# Removing Dax Wax



## gargreen7 (Apr 12, 2009)

remember using this a while ages and it taking days to get out of my hair, 

now i have work in half hour and the only wax i have hear is that with no time to go to the shop and i'm not going out with fluffy hair ! 

i head vegetable oil will get it out if you use too much as the shampoo is real hard to come by, in fact i dont think i have ever seen it.

any tips?


----------



## Matt B (Feb 21, 2010)

Just a thought, why not wear a hat? 

Sorry not very helpful, I know. But couldn't resist.


----------



## bjarvis2785 (Oct 4, 2008)

just don't use too much - most people have issues because they use too much.

That aside, when you come to wash it out, put the shampoo in dry (as in don't rinse your hair first)... then wash it out as normal, shampoo again then rinse.

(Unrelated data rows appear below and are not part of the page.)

lemma surj_chart: "surj chart"
proof -
  have "t \<in> range chart" for t
  proof -
    have "chart (hpow \<lfloor>t\<rfloor> p) \<le> t" "t \<le> chart (hpow (\<lfloor>t\<rfloor> + 1) p)"
      by (simp_all add: chart_hpow_base)
    then obtain y where "chart y = t"
      using IVT'[OF _ _ hpow_mono_exponent continuous_on_subset[OF continuous_chart]] by fastforce
    then show ?thesis by blast
  qed
  then show ?thesis by auto
qed

lemma conjugate_to_affine_action:
  "\<exists>\<phi> \<phi>'. homeomorphism UNIV UNIV \<phi> \<phi>'
     \<and> \<phi> \<circ> g = (\<lambda>x::real. real n * x) \<circ> \<phi> \<and> \<phi> \<circ> h = (\<lambda>x. x + 1) \<circ> \<phi>"
proof -
  have "homeomorphism UNIV UNIV chart (inv_into UNIV chart)"
    by (rule strict_mono_surj_imp_homeomorphism[OF strict_mono_chart surj_chart])
  moreover have "chart \<circ> g = (\<lambda>x. real n * x) \<circ> chart" "chart \<circ> h = (\<lambda>x. x + 1) \<circ> chart"
    by (simp_all add: fun_eq_iff chart_g chart_h)
  ultimately show ?thesis by blast
qed

end

lemma C1_fun_has_real_derivative: "C1_fun f \<Longrightarrow> (f has_real_derivative deriv f x) (at x)"
  unfolding C1_fun_def using DERIV_deriv_iff_real_differentiable by blast

lemma C1_fun_continuous: "C1_fun f \<Longrightarrow> continuous_on UNIV f"
  by (intro continuous_at_imp_continuous_on ballI DERIV_isCont[OF C1_fun_has_real_derivative])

works a treat for me if ever i'm stuck using a product i can't get out.


----------



## Hou (Sep 20, 2010)

I was told at my barbers to wash with washing up liquid first then shampoo!


----------



## Avanti (Jan 17, 2006)

Hou said:


> I was told at my barbers to wash with washing up liquid first then shampoo!


and did you try it?


----------



## Avanti (Jan 17, 2006)

gargreen7 said:


> remember using this a while ages and it taking days to get out of my hair,
> 
> now i have work in half hour and the only wax i have hear is that with no time to go to the shop and i'm not going out with fluffy hair !
> 
> ...


Try shampoo :thumb:


----------



## Miglior (Feb 12, 2006)

I used to use dax wax years ago as i have really thick hair and it was the only thing that tamed it! lol

but as you say its awful to remove! thinking about it, its pretty nasty stuff to be putting in your hair.

I now use V05 matt clay and its far far far better!


----------